Temperature-sensitive nanocapsules. Structures of rhodamine 640 (Rho640) and ICG used to construct nanothermometers. Temperature-dependent ratiometric emission of Rho640-ICG/nanocapsule emission 640/800 nm emission intensity as a function of temperature (heating/cooling cycle from 20 to 85 °C) S=1.7%K⁻¹. a,b) TEM and SEM images of the nanocapsules correspondingly. From Ref. [31].

Instead of coumarin, a near-infrared (NIR) dye approved by the FDA for imaging in humans, known as indocyanine green (ICG),^[32] was used as a sensor. The nanocapsule shell around the dyes created a well-defined and stable microenvironment that reflected only changes in temperature, while preventing other factors from affecting the dyes’ emission. The thermometer was found to be reversible after heating-cooling cycles, with an overall improved sensitivity of ≈ 1.7%K⁻¹.

2.1.5. Molecular Beacons (OFF-ON)

Although most of the reported nanothermometers rely on a decrease in fluorescence intensities at higher temperatures, there is a growing class of nanosensors that is based on fluorescence activation. These sensors are highly quenched at low temperatures and their activation is specific to certain temperatures. Rather than providing continuous measurement over a relatively large temperature scale, such sensors report the threshold. The high sensitivity of these probes to a specific temperature makes these nanothermometers attractive for intensity-based measurements, and therefore can potentially be useful for controlling thermal ablations, as discussed in Section 4.

One of the first examples of activatable sensors was based on hairpin-type structures, also known as molecular beacons.^[33] A molecular beacon is a strand of DNA containing a number of bases dually labelled by a fluorophore and a quencher at two opposite ends (Figure 4). The DNA sequence is chosen to let the two ends hybridize and form a stem–loop (hairpin) structure. In the closed hairpin form, the beacon is non-fluorescent but becomes highly fluorescent in the open form. Thermal activation can be efficiently regulated by choosing a proper oligonucleotide sequence. The fundamental problem with using molecular beacons for cell thermometry is their instability in a complex cellular environment. In a study conducted by Ke et al.,^[10] this issue was addressed by forming a beacon from the non-natural l-DNA backbone that prevented digestion of the stand by nucleases and other enzymatic degradations inside cells. In line with this concept, Ebrahimi et al.^[34] designed a beacon labelled with a fluorophore at one end and attached to the surface of a gold nanoparticle at the other end. This design previously introduced by Maxwell et al.^[35] ensured quenching of the fluorophores near the gold surface.

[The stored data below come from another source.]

theorem proposition1:
  fixes S :: "'s::polish_space set"
    and T :: "'s \<Rightarrow> 'u::finite \<Rightarrow> 's measure"
    and Bs :: "'s set list"
    and cells :: "'s set set"
    and Flow Fup :: "'s set \<Rightarrow> 'u \<Rightarrow> 's set set"
    and \<sigma> :: "'s set \<Rightarrow> 'u"
    and U :: "'s set set"
    and v :: "'s set"
  assumes S_borel: "S \<in> sets borel"
    and kernel: "\<And>u. (\<lambda>x. T x u) \<in> restrict_space borel S \<rightarrow>\<^sub>M prob_algebra (restrict_space borel S)"
    and Bs_meas: "\<forall>B \<in> set Bs. B \<in> sets (restrict_space borel S) \<and> B \<noteq> {}"
    and Bs_cover: "\<Union>(set Bs) = S"
    and Bs_disj: "\<forall>i < length Bs. \<forall>j < length Bs. i \<noteq> j \<longrightarrow> Bs ! i \<inter> Bs ! j = {}"
    and cells_fin: "finite cells"
    and cells_cover: "\<Union>cells = S"
    and cells_disj: "disjoint cells"
    and cells_ok: "\<forall>c \<in> cells. c \<noteq> {} \<and> c \<in> sets (restrict_space borel S) \<and> (\<exists>B \<in> set Bs. c \<subseteq> B)"
    and Fup: "\<forall>c \<in> cells. \<forall>u. Fup c u \<subseteq> cells \<and>
               {c' \<in> cells. \<exists>x \<in> c. measure (T x u) c' > 0} \<subseteq> Fup c u"
    and Flow: "\<forall>c \<in> cells. \<forall>u. Flow c u \<subseteq>
               {c' \<in> cells. \<exists>\<epsilon>::real > 0. \<forall>x \<in> c. measure (T x u) c' \<ge> \<epsilon>}"
    and U_sub: "U \<subseteq> cells"
    and v_in: "v \<in> U"
    and win: "(INF \<pi>1 \<in> player1_strategies cells Flow Fup.
                 emeasure (game_measure \<sigma> \<pi>1 (GV0 v)) (game_always U)) = 1"
  shows "\<forall>s \<in> v. \<forall>P. cmp_path_measure (restrict_space borel S) T (refinement cells \<sigma>) s P \<longrightarrow>
           emeasure P {\<omega> \<in> space P. \<forall>i. \<omega> !! i \<in> \<Union>U} = 1"
proof -
  have abstraction: "cmp_abstraction (restrict_space borel S) T cells Flow Fup"
  proof (rule cmp_abstraction.intro)
    show "prob_space (T x u)" "sets (T x u) = sets (restrict_space borel S)"
      if "x \<in> space (restrict_space borel S)" for x u
      using measurable_space[OF kernel that] by (simp_all add: space_prob_algebra)
    show "cells \<subseteq> sets (restrict_space borel S)" "{} \<notin> cells"
      using cells_ok by auto
    show "\<Union>cells = space (restrict_space borel S)"
      using cells_cover by (simp add: space_restrict_space)
    show "Fup c u \<subseteq> cells" "{c' \<in> cells. \<exists>x \<in> c. measure (T x u) c' > 0} \<subseteq> Fup c u"
      if "c \<in> cells" for c u
      using Fup that by blast+
    show "Flow c u \<subseteq> {c' \<in> cells. \<exists>\<epsilon>::real > 0. \<forall>x \<in> c. measure (T x u) c' \<ge> \<epsilon>}"
      if "c \<in> cells" for c u
      using Flow that by blast
  qed (fact cells_fin, fact cells_disj)
  show ?thesis
  proof (intro ballI allI impI)
    fix s P assume "s \<in> v" "cmp_path_measure (restrict_space borel S) T (refinement cells \<sigma>) s P"
    then show "emeasure P {\<omega> \<in> space P. \<forall>i. \<omega> !! i \<in> \<Union>U} = 1"
      by (rule cmp_abstraction.refinement_almost_surely_safe[OF abstraction U_sub v_in win])
  qed
qed

end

Heating the beacon above the melting point (T_m) increased the distance between the fluorophores and the gold, leading to fluorescence enhancement.^[34]

Figure 4.

Principle of molecular-beacon-based intracellular nanothermometer. a) Structure of l-DNA. b) By increasing the temperature, the hydrogen bonding between the bases weakens and the stem of beacon structures starts to open up depending on their melting temperature points (T_m). From Ref. [10].

2.2. Fluorescent Lifetime (FL) Thermometry

FL is potentially an attractive way of measuring temperature, as this parameter is independent of concentration artefacts^[36] and has often been used in measuring temperature in microfluidic devices.^[37] As compared to the ratiometric molecular thermometers, FL-based constructs require only one fluorophore, simplifying the thermometer design. In principle, any fluorescent organic dye or nanocrystal with fluorescence intensity-based temperature sensitivity can be used as a lifetime probe. However, FL nanothermometers, based on organic dyes in general, have lower sensitivity than intensity-based sensors. For example, the encapsulated NIR dye ICG showed FL thermal sensitivity of only 0.58%K⁻¹, as compared to ≈ 1.7%K⁻¹ in the intensity measurements.^[31]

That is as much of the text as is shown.